Rather late in the day, that is, on the day that it comes into effect, some on the left are having second thoughts about the National Living Wage. Today, the national minimum wage for people aged 25 and over rises from £6.70 an hour to £7.20, which is an increase of 7.5 per cent.
When the Chancellor announced it in his post-election Budget Labour, confused at having been leapfrogged, didn't know whether to criticise it for not being the "real" living wage (which is £8.25 an hour outside London, and is set by the Living Wage Foundation), or to point out that the gains would be taken away by the cuts in tax credits (which were postponed in the Autumn Statement and which may never happen, depending on what Stephen Crabb does to universal credit).
Stephen Bush at the New Statesman has a go at criticising the National Living Wage on both grounds, with a particularly good line: “The new higher wage can only be described as a 'national living wage' if the word 'nation' is redefined to mean 'Wales in 2013'.” But he also draws attention to the broader economic picture, which is the bit that Labour couldn't mention last year because it loves the living wage, even if Ed Miliband was too cautious to propose legislating for it, or for a big step towards it.
George Wilson at Left Foot Forward also criticises it, but on the rather more trad-left grounds that it substitutes for collective bargaining, which was the conservative trade-union objection to the national minimum wage before it became Labour Party policy, defended by the shadow employment secretary, Tony Blair, in 1989-92.
Wilson moves on from that debate, defending the Low Pay Commission, which set the national minimum wage, as an example of "social partner co-operation" (it includes representatives from trades unions and from business managers).
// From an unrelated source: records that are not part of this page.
lemma M_vanishes_on_orthogonal_if_null:
  assumes null: "(\<Sum>k\<in>-{i0}. (a k)\<^sup>2) = (a i0)\<^sup>2"
    and lorentz_0: "(\<Sum>b\<in>UNIV. \<Sum>j\<in>UNIV. eps i0 b * eps i0 j * (M b j)\<^sup>2) = 0"
    and y: "y i0 = 0" "(\<Sum>k\<in>UNIV. y k * a k) = 0"
    and y': "y' i0 = 0" "(\<Sum>k\<in>UNIV. y' k * a k) = 0"
  shows "(\<Sum>k\<in>UNIV. \<Sum>l\<in>UNIV. y k * y' l * M k l) = 0"
proof -
  have "(\<Sum>k\<in>UNIV. v k * v k) = 1" using null a_i0 by (simp add: sum_v_sq)
  then have "(\<Sum>k\<in>UNIV. \<Sum>l\<in>UNIV. (N k l - (v k * w l + w k * v l - t * v k * v l))\<^sup>2) = 0"
    using sum_sq_rank2_update[OF N_sym w_def t_def] lorentz_sum_sq_block lorentz_0
    by (simp add: power2_eq_square)
  from double_sum_squares_eq_0[OF this]
  have N: "N k l = v k * w l + w k * v l - t * v k * v l" for k l
    by simp
  have yv: "(\<Sum>k\<in>UNIV. y k * v k) = 0" and y'v: "(\<Sum>l\<in>UNIV. y' l * v l) = 0"
    using y y' by (simp_all add: sum_times_v)
  have row: "y k * (\<Sum>l\<in>UNIV. y' l * M k l) = y k * v k * (\<Sum>l\<in>UNIV. y' l * w l)" for k
  proof (cases "k = i0")
    case False
    have "(\<Sum>l\<in>UNIV. y' l * M k l) = (\<Sum>l\<in>UNIV. y' l * N k l)"
      by (rule sum.cong) (auto simp: N_def y' False)
    also have "\<dots> = v k * (\<Sum>l\<in>UNIV. y' l * w l) + (w k - t * v k) * (\<Sum>l\<in>UNIV. y' l * v l)"
      by (simp add: N sum.distrib sum_subtractf sum_distrib_left algebra_simps)
    finally show ?thesis by (simp add: y'v)
  qed (simp add: y)
  have "(\<Sum>k\<in>UNIV. \<Sum>l\<in>UNIV. y k * y' l * M k l) = (\<Sum>k\<in>UNIV. y k * v k) * (\<Sum>l\<in>UNIV. y' l * w l)"
    by (simp add: mult.assoc row sum_distrib_right flip: sum_distrib_left)
  then show ?thesis by (simp add: yv)
qed

end

section \<open>Orthonormal frames of a Lorentzian form\<close>

locale lorentz_frame =
  fixes g :: "real^'n \<Rightarrow> real^'n \<Rightarrow> real" and e :: "'n \<Rightarrow> real^'n" and i0 :: 'n
  assumes linear_g: "linear (\<lambda>x. g x y)"
    and g_commute: "g x y = g y x"
    and span_frame: "span (range e) = UNIV"
    and inj_frame: "inj e"
    and g_frame: "g (e i) (e j) = (if i = j then eps i0 i else 0)"
begin

lemmas g_add_left = linear_add[OF linear_g]
lemmas g_scale_left = linear_scale[OF linear_g]
lemmas g_diff_left = linear_diff[OF linear_g]
lemmas g_sum_left = linear_sum[OF linear_g]

lemma g_add_right: "g y (a + b) = g y a + g y b"
  by (simp add: g_commute[of y] g_add_left)

lemma g_scale_right: "g y (r *\<^sub>R a) = r * g y a"
  by (simp add: g_commute[of y] g_scale_left)

lemma g_diff_right: "g y (a - b) = g y a - g y b"
  by (simp add: g_commute[of y] g_diff_left)

abbreviation X :: "real^'n" where "X \<equiv> e i0"

lemma g_X_X: "g X X = -1"
  by (simp add: g_frame eps_def)

definition coord :: "real^'n \<Rightarrow> 'n \<Rightarrow> real" where
  "coord x i = eps i0 i * g x (e i)"

lemma frame_expansion: "x = (\<Sum>i\<in>UNIV. coord x i *\<^sub>R e i)"
proof -
  obtain u where u: "x = (\<Sum>y\<in>range e. u y *\<^sub>R y)"
    using span_finite[of "range e"] span_frame by auto
  then have x: "x = (\<Sum>i\<in>UNIV. u (e i) *\<^sub>R e i)"
    by (simp add: sum.reindex[OF inj_frame])
  have "g x (e k) = u (e k) * eps i0 k" for k
  proof -
    have "g x (e k) = (\<Sum>i\<in>UNIV. u (e i) * g (e i) (e k))"
      by (subst x) (simp add: g_sum_left g_scale_left)
    also have "\<dots> = (\<Sum>i\<in>UNIV. if i = k then u (e k) * eps i0 k else 0)"
      by (rule sum.cong) (auto simp: g_frame)
    finally show ?thesis by simp
  qed
  then have "coord x k = u (e k)" for k
    by (simp add: coord_def mult.left_commute[of "eps i0 k"])
  then show ?thesis using x by simp
qed

lemma coord_frame: "coord (e j) i = (if i = j then 1 else 0)"
  by (simp add: coord_def g_frame)

lemma coord_scale: "coord (r *\<^sub>R x) i = r * coord x i"
  by (simp add: coord_def g_scale_left)

lemma coord_sum: "coord (sum h A) i = (\<Sum>j\<in>A. coord (h j) i)"
  by (simp add: coord_def g_sum_left sum_distrib_left)

lemma g_in_coords: "g x y = (\<Sum>i\<in>UNIV. eps i0 i * coord x i * coord y i)"
proof -
  have "g x y = (\<Sum>i\<in>UNIV. coord x i * g (e i) y)"
    by (subst frame_expansion[of x]) (simp add: g_sum_left g_scale_left)
  also have "\<dots> = (\<Sum>i\<in>UNIV. eps i0 i * coord x i * coord y i)"
    by (rule sum.cong) (simp_all add: coord_def g_commute[of "e _"])
  finally show ?thesis .
qed

lemma g_self_in_coords: "g x x = (\<Sum>k\<in>-{i0}. (coord x k)\<^sup>2) - (coord x i0)\<^sup>2"
  by (simp add: g_in_coords mult.assoc sum_eps power2_eq_square)

lemma eq_0_if_orthogonal: "(\<And>w. g z w = 0) \<Longrightarrow> z = 0"
  by (subst frame_expansion) (simp add: coord_def)

lemma coord_in_std_basis: "coord v b = (\<Sum>r\<in>UNIV. v $ r * coord (axis r 1) b)"
proof -
  have "v = (\<Sum>r\<in>UNIV. v $ r *\<^sub>R axis r (1::real))"
    using basis_expansion[of v] by (simp add: scalar_mult_eq_scaleR)
  then have "coord v b = coord (\<Sum>r\<in>UNIV. v $ r *\<^sub>R axis r (1::real)) b" by simp
  then show ?thesis by (simp only: coord_sum coord_scale)
qed

lemma lin_trace_in_frame:
  assumes "linear h"
  shows "lin_trace h = (\<Sum>b\<in>UNIV. coord (h (e b)) b)"
proof -
  define P :: "real^'n^'n" where "P = (\<chi> r b. e b $ r)"
  define Q :: "real^'n^'n" where "Q = (\<chi> b r. coord (axis r 1) b)"
  have "(Q ** P) $ b $ b' = coord (e b') b" for b b'
    by (simp add: matrix_matrix_mult_def P_def Q_def coord_in_std_basis[of "e b'"] mult.commute)
  then have "Q ** P = mat 1"
    by (simp add: vec_eq_iff mat_def coord_frame)
  then have PQ: "P ** Q = mat 1" using matrix_left_right_inverse by blast
  have hP: "(matrix h ** P) $ r $ b = h (e b) $ r" for r b
  proof -
    have "(matrix h ** P) $ r $ b = (matrix h *v e b) $ r"
      by (simp add: matrix_matrix_mult_def matrix_vector_mult_def P_def)
    then show ?thesis by (simp add: matrix_works[OF assms[folded linear_matrix_vector_mul_eq]])
  qed
  have diag: "(Q ** (matrix h ** P)) $ b $ b = coord (h (e b)) b" for b
  proof -
    have "(Q ** (matrix h ** P)) $ b $ b = (\<Sum>r\<in>UNIV. Q $ b $ r * h (e b) $ r)"
      by (simp add: matrix_matrix_mult_def[of Q] hP)
    also have "\<dots> = coord (h (e b)) b"
      by (simp add: Q_def coord_in_std_basis[of "h (e b)"] mult.commute)
    finally show ?thesis .
  qed
  have "lin_trace h = trace (matrix h ** (P ** Q))"
    by (simp add: lin_trace_def PQ)
  also have "\<dots> = trace (Q ** (matrix h ** P))"
    by (simp add: matrix_mul_assoc trace_mul_sym[of _ Q])
  also have "\<dots> = (\<Sum>b\<in>UNIV. coord (h (e b)) b)"
    by (simp add: trace_def diag)
  finally show ?thesis .
qed

lemma g_in_coords_if_orthogonal_X:
  assumes "g y X = 0"
  shows "g y z = (\<Sum>k\<in>UNIV. coord y k * coord z k)"
proof -
  have "coord y i0 = 0" using assms by (simp add: coord_def)
  have "g y z = (\<Sum>k\<in>-{i0}. coord y k * coord z k)"
    using sum_eps[of i0 "\<lambda>k. coord y k * coord z k"] \<open>coord y i0 = 0\<close>
    by (simp add: g_in_coords mult.assoc)
  then show ?thesis
    using sum_split_at[of "\<lambda>k. coord y k * coord z k" i0] \<open>coord y i0 = 0\<close> by simp
qed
The Commission has now been overridden by the Chancellor's "diktat", in effect putting the minimum wage up in stages to 60 per cent of the median wage by 2020. Like Bush, Wilson points out that this increase is likely to cost jobs.
The Institute for Fiscal Studies won't want to say it told you so but it told you so. In September 2015 the IFS produced this assessment:
While the new NLW will increase hourly pay for some individuals it is highly likely to reduce incomes in other ways. It could lead to a reduction in employment. Indeed the OBR assumes that it will increase the unemployment rate by 0.2 percentage points (equivalent to 60,000 individuals) and reduce the average hours worked by those in work by 0.2%. Taken together this reduces total hours worked per week by 4 million. The OBR estimates GDP will be in fact be reduced by 0.1% as a result of the introduction of the new NLW. In other words the OBR is expecting that the new NLW will result in a small overall reduction in living standards (at least in the short run).
It is also important to be clear that even if GDP, employment and hours worked are all left unchanged the increase in gross wages from the new NLW will need to come from someone. Either company profits will fall depressing returns to shareholders, or prices will rise or the earnings of other individuals will be reduced. The only way that overall the new NLW could pay for itself is if it directly boosted productivity – possible in the longer run, though unlikely to be sufficient to pay for the higher wages in full.
In other words, the National Living Wage will put 60,000 people out of work who would otherwise have jobs – many more than if the entire steel industry shut down – but George Osborne is hoping that the jobs miracle that has been generating employment since the bottom of the recession will soak that up.
Furthermore, the National Living Wage will make the country slightly poorer overall, but slightly more equal (except for the 60,000). It is almost like a laboratory-conditions test of social-democratic egalitarianism. How curious that it is being carried out by a Conservative chancellor.